### INSTRUCTIONS FOR THE TASK:
For the listing below, output exactly the lines from the line with "(nat \<times> nat)" up to and including the line with "v) \<and> k'", and no other lines.

### STUDY MATERIAL:
╔══
lemma abs_lyap_sqrt_incr_le:
  assumes \<delta>: "0 < \<delta>" "\<delta> \<le> lyap_sqrt y" and u: "lyap_sqrt y \<le> 2 * D"
    and \<alpha>: "0 < \<alpha>" "\<alpha> \<le> 1" and small: "\<alpha> * norm v \<le> r"
  shows "\<bar>lyap_sqrt_incr \<alpha> y v\<bar>
    \<le> \<alpha> * (eta * D + sqrt (2 * L2) / 2 + L2 * (drift_bound + 1)\<^sup>2 * (1 + r) / (4 * \<delta>)) * (1 + norm v)"
proof -
  define u where "u = lyap_sqrt y"
  define n where "n = norm v"
  define B where "B = (drift_bound + 1)\<^sup>2"
  have u0: "0 < u" and u\<delta>: "\<delta> \<le> u" using \<delta> unfolding u_def by auto
  have n0: "0 \<le> n" unfolding n_def by simp
  have r0: "0 \<le> r" using small \<alpha> n0 unfolding n_def by (meson mult_nonneg_nonneg less_imp_le order_trans)
  have "\<bar>- \<alpha> * eta * u / 2\<bar> \<le> \<alpha> * (eta * D)"
    using \<alpha> eta_pos u0 u unfolding u_def by (simp add: abs_mult field_simps mult_left_mono)
  moreover have "\<bar>\<alpha> * inner (gradPhi (y - xstar)) v / (2 * u)\<bar> \<le> \<alpha> * (sqrt (2 * L2) / 2 * n)"
  proof -
    have "\<bar>inner (gradPhi (y - xstar)) v\<bar> \<le> norm (gradPhi (y - xstar)) * n"
      unfolding n_def by (rule Cauchy_Schwarz_ineq2)
    also have "\<dots> \<le> sqrt (2 * L2) * u * n" unfolding u_def using norm_gradPhi_le n0 by (rule mult_right_mono)
    finally have "\<alpha> * \<bar>inner (gradPhi (y - xstar)) v\<bar> / (2 * u) \<le> \<alpha> * (sqrt (2 * L2) * u * n) / (2 * u)"
      using \<alpha> u0 by (intro divide_right_mono mult_left_mono) auto
    then show ?thesis using \<alpha> u0 by (simp add: abs_mult)
  qed
  moreover have "\<bar>L2 * \<alpha>\<^sup>2 * (norm (H y - y + v))\<^sup>2 / (4 * u)\<bar> \<le> \<alpha> * (L2 * B * (1 + r) / (4 * \<delta>) * (1 + n))"
  proof -
    \<comment> \<open>one factor \<open>\<alpha> (1 + n)\<close> is bounded by \<open>1 + r\<close>, which keeps the bound linear in the noise\<close>
    have "\<alpha> * (1 + n) \<le> 1 + r" using \<alpha> small unfolding n_def by (simp add: algebra_simps)
    then have sq: "(\<alpha> * (1 + n))\<^sup>2 \<le> (1 + r) * (\<alpha> * (1 + n))"
      using \<alpha> n0 unfolding power2_eq_square by (intro mult_right_mono) auto
    have "\<alpha>\<^sup>2 * (norm (H y - y + v))\<^sup>2 \<le> \<alpha>\<^sup>2 * (B * (1 + n)\<^sup>2)"
      using norm_step_le[OF u, of v] drift_bound_nonneg unfolding B_def n_def
      by (intro mult_left_mono) (auto simp flip: power_mult_distrib intro: power_mono)
    also have "\<dots> = B * (\<alpha> * (1 + n))\<^sup>2" by (simp add: power_mult_distrib)
    also have "\<dots> \<le> B * ((1 + r) * (\<alpha> * (1 + n)))" using sq unfolding B_def by (intro mult_left_mono) auto
    finally have "L2 * (\<alpha>\<^sup>2 * (norm (H y - y + v))\<^sup>2) / (4 * u) \<le> L2 * (B * ((1 + r) * (\<alpha> * (1 + n)))) / (4 * \<delta>)"
      using L2_pos u0 u\<delta> \<delta> \<alpha> n0 r0 unfolding B_def
      by (intro frac_le mult_left_mono mult_nonneg_nonneg) auto
    then show ?thesis using L2_pos u0 \<delta> by (simp add: abs_mult field_simps)
  qed
  ultimately have "\<bar>lyap_sqrt_incr \<alpha> y v\<bar>
      \<le> \<alpha> * (eta * D) + \<alpha> * (sqrt (2 * L2) / 2 * n) + \<alpha> * (L2 * B * (1 + r) / (4 * \<delta>) * (1 + n))"
    unfolding lyap_sqrt_incr_def u_def by linarith
  also have "\<dots> = \<alpha> * (eta * D + sqrt (2 * L2) / 2 * n + L2 * B * (1 + r) / (4 * \<delta>) * (1 + n))"
    by (simp add: algebra_simps)
  also have "\<dots> \<le> \<alpha> * ((eta * D + sqrt (2 * L2) / 2 + L2 * B * (1 + r) / (4 * \<delta>)) * (1 + n))"
  proof (rule mult_left_mono)
    define s where "s = sqrt (2 * L2) / 2"
    define T where "T = L2 * B * (1 + r) / (4 * \<delta>)"
    have "0 \<le> eta * D * n" "0 \<le> s" using eta_pos D_pos n0 L2_pos unfolding s_def by simp_all
    then have "eta * D + s * n + T * (1 + n) \<le> (eta * D + s + T) * (1 + n)"
      by (simp add: algebra_simps)
    then show "eta * D + sqrt (2 * L2) / 2 * n + L2 * B * (1 + r) / (4 * \<delta>) * (1 + n)
        \<le> (eta * D + sqrt (2 * L2) / 2 + L2 * B * (1 + r) / (4 * \<delta>)) * (1 + n)"
      unfolding s_def T_def .
  qed (use \<alpha> in simp)
  finally show ?thesis unfolding B_def n_def by (simp only: mult.assoc)
qed
lemma find_counterpart_partial_permutation:
  fixes P :: "nat \<Rightarrow> nat \<Rightarrow> real"
  assumes S: "S \<subseteq> {1..p}" and inj: "inj_on pos S" and pos: "pos ` S \<subseteq> {1..q}"
    and s: "s \<in> S" and s_min: "\<And>x. x \<in> S \<Longrightarrow> pos s \<le> pos x"
    and P: "\<And>x y. x \<in> {1..p} \<Longrightarrow> y \<in> {1..q} \<Longrightarrow>
              P x y = (if x \<in> S \<and> pos x = y then 1 else 0)"
    and x: "x \<in> {1..p}"
  shows "find_counterpart p q P x = (if x = s then 1 else 0)"
proof -
  have finS: "finite S" using S finite_subset by blast
  have column_count: "(\<Sum>l = 1..y. \<Sum>i = 1..p. P i l) = real (card {i \<in> S. pos i \<le> y})"
    if "y \<le> q" for y
  proof -
    have "(\<Sum>l = 1..y. \<Sum>i = 1..p. P i l) =
        (\<Sum>i = 1..p. \<Sum>l = 1..y. if i \<in> S \<and> pos i = l then 1 else 0)"
      using P that by (subst sum.swap) (auto intro!: sum.cong)
    also have "\<dots> = (\<Sum>i = 1..p. if i \<in> S \<and> pos i \<le> y then 1 else 0)"
      using pos by (intro sum.cong refl) (auto simp: sum.delta' image_subset_iff)
    also have "\<dots> = real (card {i \<in> S. pos i \<le> y})"
    proof -
      have "{1..p} \<inter> {i. i \<in> S \<and> pos i \<le> y} = {i \<in> S. pos i \<le> y}" using S by auto
      then show ?thesis by (simp add: sum.If_cases)
    qed
    finally show ?thesis .
  qed
  show ?thesis
  proof (cases "x \<in> S")
    case False
    then show ?thesis using P x s by (auto simp: find_counterpart_def)
  next
    case True
    have "pos x \<in> {1..q}" using pos True by auto
    have "find_counterpart p q P x =
        (\<Sum>j = 1..q. P x j * tw (\<Sum>l = 1..j. \<Sum>i = 1..p. P i l))"
      by (simp add: find_counterpart_def)
    also have "\<dots> =
        (\<Sum>j = 1..q. if j = pos x then tw (real (card {i \<in> S. pos i \<le> j})) else 0)"
      using P x True column_count by (intro sum.cong) auto
    also have "\<dots> = tw (real (card {i \<in> S. pos i \<le> pos x}))"
      using \<open>pos x \<in> {1..q}\<close> by simp
    moreover have "{i \<in> S. pos i \<le> pos s} = {s}"
      using s s_min inj by (auto dest: inj_onD intro: le_antisym)
    moreover have "card {i \<in> S. pos i \<le> pos x} \<ge> 2" if "x \<noteq> s"
    proof -
      have "{s, x} \<subseteq> {i \<in> S. pos i \<le> pos x}" using s s_min True by auto
      then show ?thesis
        using that finS card_mono[of "{i \<in> S. pos i \<le> pos x}" "{s, x}"] by auto
    qed
    ultimately show ?thesis
      by (cases "x = s") (simp_all add: tw_def)
  qed
qed
(* Let $s\ge 1$ be a fixed integer. Consider a sequence of $(s+1)$-tuples of integers $2\le n_0\le n_1\le\dots\le n_s$ (indexed so that $n_s\to\infty$) such that $n_0=(\log n_s)^{\alpha}$ with $\alpha\ge 2\sqrt{\frac{\log n_s}{\log\log n_s}}$. For every $0\le i\le s-1$ let $k_i=\frac{\log n_s}{\log n_i}$, and let $x_0$ be the unique root of the equation $sx-1-\sum_{j=0}^{s-1}x^{\frac{k_j-1}{k_j}}=0$ in the interval $[1,\infty)$. Then $$ch(K_{n_0,\dots,n_s})\ge(1-o(1))\frac{\log n_s}{\log x_0}$$ as $n_s\to\infty$.
   Context: All logarithms are to base 2. For a graph $G=(V,E)$, the choice number $ch(G)$ is the minimum integer $k$ such that for every assignment of a list $S(v)$ of at least $k$ colors to each vertex $v\in V$, there is a proper vertex coloring of $G$ assigning to each vertex $v$ a color from $S(v)$. $K_{n_0,\dots,n_s}$ denotes the complete $(s+1)$-partite graph with parts of sizes $n_0,\dots,n_s$. *)

theory Defs
  imports Complex_Main
begin

text \<open>A list assignment gives each vertex a finite set of colours (colours are
  natural numbers, which is no restriction for finite graphs).\<close>

definition choosable :: "'v set \<Rightarrow> ('v \<Rightarrow> 'v \<Rightarrow> bool) \<Rightarrow> nat \<Rightarrow> bool" where
  "choosable V E k \<longleftrightarrow>
     (\<forall>L :: 'v \<Rightarrow> nat set. (\<forall>v\<in>V. finite (L v) \<and> k \<le> card (L v)) \<longrightarrow>
        (\<exists>c. (\<forall>v\<in>V. c v \<in> L v) \<and> (\<forall>u\<in>V. \<forall>v\<in>V. E u v \<longrightarrow> c u \<noteq> c v)))"

definition choice_number :: "'v set \<Rightarrow> ('v \<Rightarrow> 'v \<Rightarrow> bool) \<Rightarrow> nat" where
  "choice_number V E = (LEAST k. choosable V E k)"

text \<open>Complete (s+1)-partite graph K_{n_0,...,n_s}: vertex (i,j) is the j-th
  vertex of part i; two vertices are adjacent iff they lie in different parts.\<close>

definition cmp_vertices :: "nat \<Rightarrow> (nat \<Rightarrow> nat) \<Rightarrow> (nat \<times> nat) set" where
  "cmp_vertices s n = {(i, j). i \<le> s \<and> j < n i}"

definition cmp_adj :: "nat \<times> nat \<Rightarrow> nat \<times> nat \<Rightarrow> bool" where
  "cmp_adj u v \<longleftrightarrow> fst u \<noteq> fst v"

definition ch_complete_multipartite :: "nat \<Rightarrow> (nat \<Rightarrow> nat) \<Rightarrow> nat" where
  "ch_complete_multipartite s n = choice_number (cmp_vertices s n) cmp_adj"

end

theory Submission
  imports Defs "HOL-Library.FuncSet"
begin

text \<open>
  Give every vertex a list chosen from the K-element subsets of the palette {0..<N}. A proper
  colouring from the lists yields a map P from the palette to the parts {0..s} (a colour used
  on part i goes to i) such that every list of part i meets the class P^-1(i). If this class has
  c_i colours, a list misses it for a fraction q_i = C(N - c_i, K) / C(N, K) of the choices, so
  the lists of part i all meet it for at most a fraction exp(-n_i q_i) of the assignments.
  Hence, if every P has a class with n_i q_i > s N, the (s+1)^N maps P cannot account for all
  assignments, and ch > K.
  Otherwise ((N - c_i - K) / N)^K <= q_i <= s N / n_i for all i. Summing K-th roots, the left
  sides add up to s - (s+1) K / N because the c_i sum to N, whereas for
  K <= (1 - eps) log n_s / log x_0 the equation defining x_0 bounds the right sides by
  (s N)^(1/K) (s - g) for some g > 0. With N = (log n_s)^2 this is contradictory once n_s is
  large; the lower bound on n_0 keeps x_0 log x_0 = O(sqrt (log n_s)), which is what makes
  such K and N possible.
\<close>

section \<open>Choice numbers\<close>

lemma choosable_mono:
  assumes "choosable V E k" "k \<le> k'"
  shows "choosable V E k'"
  unfolding choosable_def
proof (intro allI impI)
  fix L :: "'a \<Rightarrow> nat set"
  assume "\<forall>v\<in>V. finite (L v) \<and> k' \<le> card (L v)"
  then have "\<forall>v\<in>V. finite (L v) \<and> k \<le> card (L v)"
    using assms(2) by auto
  then show "\<exists>c. (\<forall>v\<in>V. c v \<in> L v) \<and> (\<forall>u\<in>V. \<forall>v\<in>V. E u v \<longrightarrow> c u \<noteq> c v)"
    using assms(1) unfolding choosable_def by blast
qed

lemma exists_inj_choice:
  assumes "finite V" "\<And>v. v \<in> V \<Longrightarrow> finite (L v) \<and> card V \<le> card (L v)"
  shows "\<exists>c. (\<forall>v\<in>V. c v \<in> L v) \<and> inj_on c V"
  using assms
proof (induction V rule: finite_induct)
  case empty
  then show ?case by simp
next
  case (insert x F)
  then have "\<And>v. v \<in> F \<Longrightarrow> finite (L v) \<and> card F \<le> card (L v)"
    by fastforce
  with insert.IH obtain c where c: "\<forall>v\<in>F. c v \<in> L v" "inj_on c F"
    by blast
  have "card (c ` F) < card (L x)"
    using insert card_image_le[of F c] by fastforce
  then have "\<not> L x \<subseteq> c ` F"
    using insert.hyps(1) by (meson card_mono finite_imageI not_le)
  then obtain y where "y \<in> L x" "y \<notin> c ` F"
    by blast
  with c insert.hyps(2) show ?case
    by (intro exI[of _ "c(x := y)"]) (auto simp: inj_on_def)
qed

lemma choosable_card:
  assumes "finite V" "\<And>u. \<not> E u u"
  shows "choosable V E (card V)"
  unfolding choosable_def
proof (intro allI impI)
  fix L :: "'a \<Rightarrow> nat set"
  assume "\<forall>v\<in>V. finite (L v) \<and> card V \<le> card (L v)"
  then obtain c where "\<forall>v\<in>V. c v \<in> L v" "inj_on c V"
    using exists_inj_choice[OF assms(1)] by blast
  then show "\<exists>c. (\<forall>v\<in>V. c v \<in> L v) \<and> (\<forall>u\<in>V. \<forall>v\<in>V. E u v \<longrightarrow> c u \<noteq> c v)"
    using assms(2) by (metis inj_onD)
qed

lemma choice_number_gt:
  assumes "finite V" "\<And>u. \<not> E u u" "\<not> choosable V E k"
  shows "k < choice_number V E"
proof -
  have "choosable V E (choice_number V E)"
    unfolding choice_number_def using choosable_card[OF assms(1,2)] by (rule LeastI)
  then show ?thesis
    using assms(3) choosable_mono by (meson not_less)
qed

lemma cmp_vertices_eq_Sigma: "cmp_vertices s n = (SIGMA i:{..s}. {..<n i})"
  by (auto simp: cmp_vertices_def)

lemma finite_cmp_vertices: "finite (cmp_vertices s n)"
  by (simp add: cmp_vertices_eq_Sigma)

lemma ch_complete_multipartite_gt:
  assumes "\<not> choosable (cmp_vertices s n) cmp_adj k"
  shows "k < ch_complete_multipartite s n"
  unfolding ch_complete_multipartite_def using assms finite_cmp_vertices
  by (intro choice_number_gt) (auto simp: cmp_adj_def)
(* Let $\mathcal E^{(-1)}=0$ and, for $q\in\mathbb Z_+$, $\mathcal E^{(q)}=\{X\in\mathfrak D_V\mid [D_\mu,X]\in\mathcal E^{(q-1)},\ \mu=1,\dots,m\}$. Then for every $q\in\mathbb Z_+$, $$\mathcal E^{(q)}=\bigoplus_{k\in\mathsf I,\ |k|\le q}\mathcal E^k,\qquad \mathcal E^k=\Big\{\sum_{\alpha,i}(\varepsilon^k_\phi)^\alpha_i\,\partial_{u^\alpha_i}\ \Big|\ \phi\in\mathcal A^{\mathsf A}\Big\};$$ that is, a vertical differentiation $X=\sum\zeta^\alpha_i\partial_{u^\alpha_i}$ lies in $\mathcal E^{(q)}$ if and only if $\zeta=\sum_{|k|\le q}\varepsilon^k_{\phi_k}$ for some $\phi_k\in\mathcal A^{\mathsf A}$, and these $\phi_k$ are unique.
   Context: $\mathbb F\in\{\mathbb R,\mathbb C\}$, $m\in\mathbb N$, $\mathsf A$ a finite index set, $\mathsf I=\mathbb Z_+^m$, $|k|=k^1+\dots+k^m$, $k\le i$ componentwise, $\binom{i}{k}=\prod_\mu\binom{i^\mu}{k^\mu}$, $(\mu)$ the multi-index with $1$ in position $\mu$. Variables $x^\mu$ on $\mathbb R^m$ and $u^\alpha_i$ ($\alpha\in\mathsf A$, $i\in\mathsf I$); $\mathcal A$ is the algebra of smooth $\mathbb F$-valued functions each depending on finitely many of these variables. $D_\mu=\partial_{x^\mu}+\sum_{\alpha,i}u^\alpha_{i+(\mu)}\partial_{u^\alpha_i}$, $D_j=D_1^{j^1}\cdots D_m^{j^m}$. $\mathfrak D_V$ is the space of vertical differentiations $X=\sum_{\alpha,i}\zeta^\alpha_i\partial_{u^\alpha_i}$ with arbitrary coefficients $\zeta^\alpha_i\in\mathcal A$ (each acts on $f\in\mathcal A$ as a finite sum); one has $[D_\mu,X]=\sum(D_\mu\zeta^\alpha_i-\zeta^\alpha_{i+(\mu)})\partial_{u^\alpha_i}$. For $k\in\mathsf I$, $\phi=(\phi^\alpha)\in\mathcal A^{\mathsf A}$: $(\varepsilon^k_\phi)^\alpha_i=\binom{i}{k}D_{i-k}\phi^\alpha$ if $k\le i$ and $0$ otherwise. *)

theory Defs
  imports "HOL-Analysis.Analysis"
begin

(* Coordinates of the jet space: x^mu (mu < m) and u^alpha_i (alpha in 'a, i a multi-index).
   Multi-indices are functions nat => nat vanishing outside {..<m}; position mu = 0..m-1. *)
datatype 'a jvar = Xv nat | Uv 'a "nat \<Rightarrow> nat"

definition multi_idx :: "nat \<Rightarrow> (nat \<Rightarrow> nat) set" where
  "multi_idx m = {i. \<forall>\<mu>. m \<le> \<mu> \<longrightarrow> i \<mu> = 0}"

definition valid_var :: "nat \<Rightarrow> 'a jvar \<Rightarrow> bool" where
  "valid_var m v = (case v of Xv \<mu> \<Rightarrow> \<mu> < m | Uv \<alpha> i \<Rightarrow> i \<in> multi_idx m)"

definition mabs :: "nat \<Rightarrow> (nat \<Rightarrow> nat) \<Rightarrow> nat" where
  "mabs m k = (\<Sum>\<mu><m. k \<mu>)"

definition mle :: "nat \<Rightarrow> (nat \<Rightarrow> nat) \<Rightarrow> (nat \<Rightarrow> nat) \<Rightarrow> bool" where
  "mle m k i = (\<forall>\<mu><m. k \<mu> \<le> i \<mu>)"

definition mchoose :: "nat \<Rightarrow> (nat \<Rightarrow> nat) \<Rightarrow> (nat \<Rightarrow> nat) \<Rightarrow> nat" where
  "mchoose m i k = (\<Prod>\<mu><m. i \<mu> choose k \<mu>)"

definition msub :: "(nat \<Rightarrow> nat) \<Rightarrow> (nat \<Rightarrow> nat) \<Rightarrow> (nat \<Rightarrow> nat)" where
  "msub i k = (\<lambda>\<mu>. i \<mu> - k \<mu>)"

definition incr :: "(nat \<Rightarrow> nat) \<Rightarrow> nat \<Rightarrow> (nat \<Rightarrow> nat)" where
  "incr i \<mu> = i(\<mu> := Suc (i \<mu>))"

type_synonym ('a, 'f) fn = "('a jvar \<Rightarrow> real) \<Rightarrow> 'f"
lemma matrix_vector_mult_supp_subset:
  assumes "supp_vec w \<subseteq> B"
  shows "A *v w = (\<Sum>i\<in>B. w $ i *\<^sub>R column i A)"
proof -
  have "A *v w = (\<Sum>i\<in>UNIV. w $ i *\<^sub>R column i A)"
    by (simp add: matrix_mult_sum scalar_mult_eq_scaleR)
  also have "\<dots> = (\<Sum>i\<in>B. w $ i *\<^sub>R column i A)"
    by (rule sum.mono_neutral_right) (use assms in \<open>auto simp: supp_vec_def\<close>)
  finally show ?thesis .
qed

lemma column_basis_solvable:
  fixes A :: "real^'n^'m"
  assumes "column_basis A B"
  obtains w where "supp_vec w \<subseteq> B" and "A *v w = y"
proof -
  have inj: "inj_on (\<lambda>j. column j A) B"
    using assms by (simp add: column_basis_def)
  have "y \<in> span ((\<lambda>j. column j A) ` B)"
    using assms by (simp add: column_basis_def)
  then obtain u where y: "y = (\<Sum>v\<in>(\<lambda>j. column j A) ` B. u v *\<^sub>R v)"
    by (auto simp: span_finite)
  define w :: "real^'n" where "w = (\<chi> i. if i \<in> B then u (column i A) else 0)"
  have supp: "supp_vec w \<subseteq> B"
    by (auto simp: w_def supp_vec_def)
  have "A *v w = (\<Sum>i\<in>B. u (column i A) *\<^sub>R column i A)"
    using matrix_vector_mult_supp_subset[OF supp] by (simp add: w_def)
  also have "\<dots> = y"
    by (simp add: y sum.reindex[OF inj])
  finally show ?thesis
    by (rule that[OF supp])
qed

lemma column_basis_kernel_eq_0:
  fixes A :: "real^'n^'m"
  assumes "column_basis A B" and "A *v h = 0" and "supp_vec h \<subseteq> B"
  shows "h = 0"
proof -
  have inj: "inj_on (\<lambda>j. column j A) B"
    and ind: "independent ((\<lambda>j. column j A) ` B)"
    using assms(1) by (simp_all add: column_basis_def)
  define u where "u v = h $ the_inv_into B (\<lambda>j. column j A) v" for v
  have "(\<Sum>v\<in>(\<lambda>j. column j A) ` B. u v *\<^sub>R v) = (\<Sum>i\<in>B. h $ i *\<^sub>R column i A)"
    by (simp add: sum.reindex[OF inj] u_def the_inv_into_f_f[OF inj])
  also have "\<dots> = 0"
    using assms(2,3) by (simp add: matrix_vector_mult_supp_subset)
  finally have "\<forall>i\<in>B. h $ i = 0"
    using ind by (auto simp: independent_explicit u_def the_inv_into_f_f[OF inj])
  then show "h = 0"
    using assms(3) by (auto simp: vec_eq_iff supp_vec_def)
qed

lemma column_basis_fundamental_circuit_exists:
  fixes A :: "real^'n^'m"
  assumes "column_basis A B" and "j \<notin> B"
  shows "\<exists>g. fundamental_circuit A B j g"
proof -
  obtain w where w: "supp_vec w \<subseteq> B" "A *v w = column j A"
    using column_basis_solvable[OF assms(1)] by metis
  have "A *v (axis j 1 - w) = 0"
    by (simp add: matrix_vector_mult_diff_distrib matrix_vector_mult_basis w(2))
  then have "fundamental_circuit A B j (axis j 1 - w)"
    using w(1) assms(2) by (auto simp: fundamental_circuit_def supp_vec_def axis_def)
  then show ?thesis ..
qed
╚══
### EXPECTED ANSWER:
definition cmp_vertices :: "nat \<Rightarrow> (nat \<Rightarrow> nat) \<Rightarrow> (nat \<times> nat) set" where
  "cmp_vertices s n = {(i, j). i \<le> s \<and> j < n i}"

definition cmp_adj :: "nat \<times> nat \<Rightarrow> nat \<times> nat \<Rightarrow> bool" where
  "cmp_adj u v \<longleftrightarrow> fst u \<noteq> fst v"

definition ch_complete_multipartite :: "nat \<Rightarrow> (nat \<Rightarrow> nat) \<Rightarrow> nat" where
  "ch_complete_multipartite s n = choice_number (cmp_vertices s n) cmp_adj"

end

theory Submission
  imports Defs "HOL-Library.FuncSet"
begin

text \<open>
  Give every vertex a list chosen from the K-element subsets of the palette {0..<N}. A proper
  colouring from the lists yields a map P from the palette to the parts {0..s} (a colour used
  on part i goes to i) such that every list of part i meets the class P^-1(i). If this class has
  c_i colours, a list misses it for a fraction q_i = C(N - c_i, K) / C(N, K) of the choices, so
  the lists of part i all meet it for at most a fraction exp(-n_i q_i) of the assignments.
  Hence, if every P has a class with n_i q_i > s N, the (s+1)^N maps P cannot account for all
  assignments, and ch > K.
  Otherwise ((N - c_i - K) / N)^K <= q_i <= s N / n_i for all i. Summing K-th roots, the left
  sides add up to s - (s+1) K / N because the c_i sum to N, whereas for
  K <= (1 - eps) log n_s / log x_0 the equation defining x_0 bounds the right sides by
  (s N)^(1/K) (s - g) for some g > 0. With N = (log n_s)^2 this is contradictory once n_s is
  large; the lower bound on n_0 keeps x_0 log x_0 = O(sqrt (log n_s)), which is what makes
  such K and N possible.
\<close>

section \<open>Choice numbers\<close>

lemma choosable_mono:
  assumes "choosable V E k" "k \<le> k'"
  shows "choosable V E k'"
  unfolding choosable_def
proof (intro allI impI)
  fix L :: "'a \<Rightarrow> nat set"
  assume "\<forall>v\<in>V. finite (L v) \<and> k' \<le> card (L v)"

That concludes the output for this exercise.